Obviously this algorithm decreases successively the criterion Q, (2), and insofar approximates a solution to the stated co-clustering problem. Note that ties, empty classes, local optima, and oscillating partitions may be possible and must be considered or avoided in a corresponding computer program.

3 Clustering of Variables Around Latent Factors

In this section, we describe a method for one-way clustering of the p variables (columns) of a data matrix \(X = (x_{ij})\) that has been proposed by Vigneau and Qannari [43] and uses squared correlations for measuring the similarity between two variables. In fact, we show that this method and the related clustering criterion can be derived, as a special case, from a relatively general probabilistic clustering model that characterizes each cluster of variables by a class-specific latent factor. In the following Sect. 4 this model will be integrated in our co-clustering models (12) and (13) for the objects and variables of X.
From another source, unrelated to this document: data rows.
lemma
  fixes h :: "real \<Rightarrow> real"
  assumes h: "convex_on UNIV h"
  shows integrable_convex_jump_mid: "integrable lborel01 (\<lambda>\<omega>. h (jump_mid \<omega>))"
    and integral_convex_jump_mid_le:
      "integral\<^sup>L lborel01 (\<lambda>\<omega>. h (jump_mid \<omega>)) \<le> integral\<^sup>L lborel01 h"
proof -
  have hm: "h \<in> borel_measurable borel" by (rule convex_on_borel_measurable[OF h])
  obtain B where B: "\<And>y. y \<in> {0..1} \<Longrightarrow> \<bar>h y\<bar> \<le> B"
    using convex_on_bounded_on_compact[OF h compact_Icc] by blast
  show int_mid: "integrable lborel01 (\<lambda>\<omega>. h (jump_mid \<omega>))"
    by (rule integrable_lborel01_bounded[where B=B])
      (simp_all add: hm measurable_compose[OF measurable_jump_mid] B[OF jump_mid_in_unit])
  have int_id: "integrable lborel01 h"
    by (rule integrable_lborel01_bounded[where B=B])
      (auto simp: B measurable_compose[OF measurable_ident_lborel01 hm])
  have int_refl: "integrable lborel01 (\<lambda>\<omega>. h (jump_reflect \<omega>))"
    by (rule integrable_jump_reflect[OF hm int_id])
  have "integral\<^sup>L lborel01 (\<lambda>\<omega>. h (jump_mid \<omega>))
      \<le> integral\<^sup>L lborel01 (\<lambda>\<omega>. h \<omega> / 2 + h (jump_reflect \<omega>) / 2)"
  proof (rule integral_mono)
    fix \<omega> show "h (jump_mid \<omega>) \<le> h \<omega> / 2 + h (jump_reflect \<omega>) / 2"
      using convex_onD[OF h, of "1/2" \<omega> "jump_reflect \<omega>"] by (simp add: jump_mid_eq_average add_divide_distrib)
  qed (use int_mid int_id int_refl in simp_all)
  also have "\<dots> = integral\<^sup>L lborel01 h"
    using int_id int_refl by (simp add: integral_jump_reflect[OF hm])
  finally show "integral\<^sup>L lborel01 (\<lambda>\<omega>. h (jump_mid \<omega>)) \<le> integral\<^sup>L lborel01 h" .
qed

lemma sub_uniform_jump_mid_law: "sub_uniform jump_mid_law"
  unfolding sub_uniform_def
proof (intro conjI allI impI)
  show "prob_space jump_mid_law"
    using real_distribution_jump_mid_law by (simp add: real_distribution_def)
  fix h :: "real \<Rightarrow> real" assume h: "convex_on UNIV h"
  have hm: "h \<in> borel_measurable borel" by (rule convex_on_borel_measurable[OF h])
  show "integrable jump_mid_law h"
    by (subst integrable_distr_eq) (simp_all add: hm integrable_convex_jump_mid[OF h])
  have "integral\<^sup>L jump_mid_law h = integral\<^sup>L lborel01 (\<lambda>\<omega>. h (jump_mid \<omega>))"
    by (rule integral_distr) (simp_all add: hm)
  also have "\<dots> \<le> integral\<^sup>L lborel01 h" by (rule integral_convex_jump_mid_le[OF h])
  also have "\<dots> = integral\<^sup>L unif01 h" by (rule integral_unif01[symmetric, OF hm])
  finally show "integral\<^sup>L jump_mid_law h \<le> integral\<^sup>L unif01 h" .
qed simp

lemma integral_ramp_jump_mid_law:
  "integrable jump_mid_law (ramp c)"
  "integral\<^sup>L jump_mid_law (ramp c) = integral\<^sup>L lborel01 (\<lambda>\<omega>. ramp c (jump_mid \<omega>))"
  using integrable_convex_jump_mid[OF convex_on_ramp]
  by (simp_all add: integrable_distr_eq integral_distr)

text \<open>On each jump interval the ramp is affine unless its kink c lies strictly inside, and
  the reflection preserves the uniform law.\<close>
lemma integral_ramp_jump_mid_if_unstraddled:
  assumes "\<And>\<omega>. \<omega> \<in> {0<..<1} \<Longrightarrow> \<not> (jump_lo \<omega> < c \<and> c < jump_hi \<omega>)"
  shows "integral\<^sup>L lborel01 (\<lambda>\<omega>. ramp c (jump_mid \<omega>)) = integral\<^sup>L lborel01 (ramp c)"
proof -
  have int_refl: "integrable lborel01 (\<lambda>\<omega>. ramp c (jump_reflect \<omega>))"
    by (rule integrable_jump_reflect[OF _ integrable_lborel01_ramp]) simp
  have "integral\<^sup>L lborel01 (\<lambda>\<omega>. ramp c (jump_mid \<omega>))
      = integral\<^sup>L lborel01 (\<lambda>\<omega>. ramp c \<omega> / 2 + ramp c (jump_reflect \<omega>) / 2)"
  proof (rule Bochner_Integration.integral_cong[OF refl])
    fix \<omega> assume "\<omega> \<in> space lborel01"
    then have \<omega>01: "\<omega> \<in> {0<..<1}" by simp
    have "c \<le> jump_lo \<omega> \<or> jump_hi \<omega> \<le> c" using assms[OF \<omega>01] by linarith
    moreover note jump_lo_le[OF \<omega>01] le_jump_hi[OF \<omega>01] jump_reflect_bounds[OF \<omega>01]
      jump_mid_eq_average[of \<omega>]
    ultimately show "ramp c (jump_mid \<omega>) = ramp c \<omega> / 2 + ramp c (jump_reflect \<omega>) / 2"
      by (auto simp: max_def field_simps)
  qed
  also have "\<dots> = integral\<^sup>L lborel01 (ramp c)"
    using integrable_lborel01_ramp int_refl integral_jump_reflect[of "ramp c"] by simp
  finally show ?thesis .
qed

end

text \<open>Quantile coupling: the ramp is antitone, and the quantile of W lies below that of L
  wherever the latter is below x.\<close>
lemma integral_ramp_le_if_cdf_le_below:
  assumes L: "real_distribution L" and W: "real_distribution W"
    and le: "\<And>y. y < x \<Longrightarrow> cdf L y \<le> cdf W y"
    and int_L: "integrable L (ramp x)" and int_W: "integrable W (ramp x)"
  shows "integral\<^sup>L L (ramp x) \<le> integral\<^sup>L W (ramp x)"
proof -
  interpret L: cdf_distribution L using L by (simp add: cdf_distribution_def)
  interpret W: cdf_distribution W using W by (simp add: cdf_distribution_def)
  have "integral\<^sup>L L (ramp x) = integral\<^sup>L lborel01 (\<lambda>\<omega>. ramp x (L.I \<omega>))"
    by (subst L.distr_I_eq_M[symmetric], rule integral_distr) simp_all
  also have "\<dots> \<le> integral\<^sup>L lborel01 (\<lambda>\<omega>. ramp x (W.I \<omega>))"
  proof (rule integral_mono)
    show "integrable lborel01 (\<lambda>\<omega>. ramp x (L.I \<omega>))"
      using int_L by (subst (asm) L.distr_I_eq_M[symmetric], subst (asm) integrable_distr_eq) simp_all
    show "integrable lborel01 (\<lambda>\<omega>. ramp x (W.I \<omega>))"
      using int_W by (subst (asm) W.distr_I_eq_M[symmetric], subst (asm) integrable_distr_eq) simp_all
    fix \<omega> assume "\<omega> \<in> space lborel01"
    then have \<omega>01: "\<omega> \<in> {0<..<1}" by simp
    show "ramp x (L.I \<omega>) \<le> ramp x (W.I \<omega>)"
    proof (cases "L.I \<omega> < x")
      case True
      have "\<omega> \<le> cdf L (L.I \<omega>)" using L.le_cdf_iff_quantile_le[OF \<omega>01, of "L.I \<omega>"] by simp
      also have "\<dots> \<le> cdf W (L.I \<omega>)" using le[OF True] .
      finally have "W.I \<omega> \<le> L.I \<omega>" using W.le_cdf_iff_quantile_le[OF \<omega>01, of "L.I \<omega>"] by simp
      then show ?thesis by simp
    qed simp
  qed
  also have "\<dots> = integral\<^sup>L W (ramp x)"
    by (subst W.distr_I_eq_M[symmetric], rule integral_distr[symmetric]) simp_all
  finally show ?thesis .
qed

text \<open>Below x, the cdf of L can only increase at points of its support; take the smallest
  point z where it reaches its value at y.\<close>
lemma cdf_le_if_agree_on_support:
  assumes L: "real_distribution L" and W: "real_distribution W" and x: "x \<in> supp L"
    and agree: "\<forall>y\<in>supp L \<inter> {0..<x}. cdf W y = cdf L y"
    and nonneg: "\<And>z. z < 0 \<Longrightarrow> cdf L z = 0" and "y < x"
  shows "cdf L y \<le> cdf W y"
proof -
  interpret L: cdf_distribution L using L by (simp add: cdf_distribution_def)
  interpret W: real_distribution W by (rule W)
  show ?thesis
  proof (cases "cdf L y = 0")
    case False
    let ?w = "cdf L y"
    have "0 < measure L {x - e<..<x + e}" if "0 < e" for e
      using x that unfolding supp_def by blast
    from this[of "x - y"] have "0 < measure L {y<..<x + (x - y)}" using \<open>y < x\<close> by simp
    also have "\<dots> \<le> measure L {y<..}" by (rule L.finite_measure_mono) auto
    also have "\<dots> = 1 - ?w"
    proof -
      have "UNIV - {..y} = {y<..}" by auto
      then show ?thesis using L.prob_compl[of "{..y}"] by (simp add: cdf_def)
    qed
    finally have w01: "?w \<in> {0<..<1}" using False L.cdf_nonneg[of y] by simp
    define z where "z = L.I ?w"
    have z: "?w \<le> cdf L t \<longleftrightarrow> z \<le> t" for t
      unfolding z_def by (rule L.le_cdf_iff_quantile_le[OF w01])
    have "z \<le> y" using z[of y] by simp
    have cdf_z: "cdf L z = ?w"
      using z[of z] L.cdf_nondecreasing[OF \<open>z \<le> y\<close>] by simp
    have "0 \<le> z" using nonneg[of z] cdf_z False by linarith
    have "z \<in> supp L"
      unfolding supp_def
    proof (intro CollectI allI impI)
      fix e :: real assume "0 < e"
      have "0 < cdf L z - cdf L (z - e/2)" using z[of "z - e/2"] cdf_z \<open>0 < e\<close> by simp
      also have "\<dots> = measure L {z - e/2<..z}" by (rule L.cdf_diff_eq) (use \<open>0 < e\<close> in simp)
      also have "\<dots> \<le> measure L {z - e<..<z + e}"
        by (rule L.finite_measure_mono) (use \<open>0 < e\<close> in auto)
      finally show "0 < measure L {z - e<..<z + e}" .
    qed
    with \<open>0 \<le> z\<close> \<open>z \<le> y\<close> \<open>y < x\<close> have "cdf W z = cdf L z" using agree by simp
    then have "cdf W z = ?w" using cdf_z by simp
    then show ?thesis using W.cdf_nondecreasing[OF \<open>z \<le> y\<close>] by simp
  qed (simp add: W.cdf_nonneg)
qed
In many practical contexts, the similarity of two random variables \(Y_j, Y_{j'}\) is measured by their squared correlation \(r^2(Y_j, Y_{j'}) := Corr^2(Y_j, Y_{j'})\). Similarly, in case of a \(n \times p\) data matrix \(X = (x_{ij}) = (y_1,...,y_p)\), where the j-th column \(y_j = (x_{1j},...,x_{nj})^\top \) represents the j-th variable, the similarity of \(y_j\) and \(y_{j'}\) (or j and \(j'\)) is measured by the square of the empirical correlation

$$\begin{aligned} \quad r(y_j, y_{j'}) := \frac{ s_{y_j, y_{j'}} }{ \sqrt{ s_{y_j, y_j} s_{y_{j'}, y_{j'}} } } \nonumber \end{aligned}$$

with

$$\begin{aligned} s_{y_j, y_{j'}} := (1/n) \ \sum _{i=1}^n (x_{i,j} - \bar{x}_{\cdot ,j}) (x_{i,j'} - \bar{x}_{\cdot ,j'}) = (1/n)\ y_j^\top y_{j'} \nonumber , \end{aligned}$$

where \(\bar{x}_{\cdot , j} := (\sum _{i=1}^n x_{ij})/n\) is the mean of the n entries in the column j of X and the last equality sign holds for centered columns \(y_j\) (i.e., \(\bar{x}_{\cdot , j} = 0\)).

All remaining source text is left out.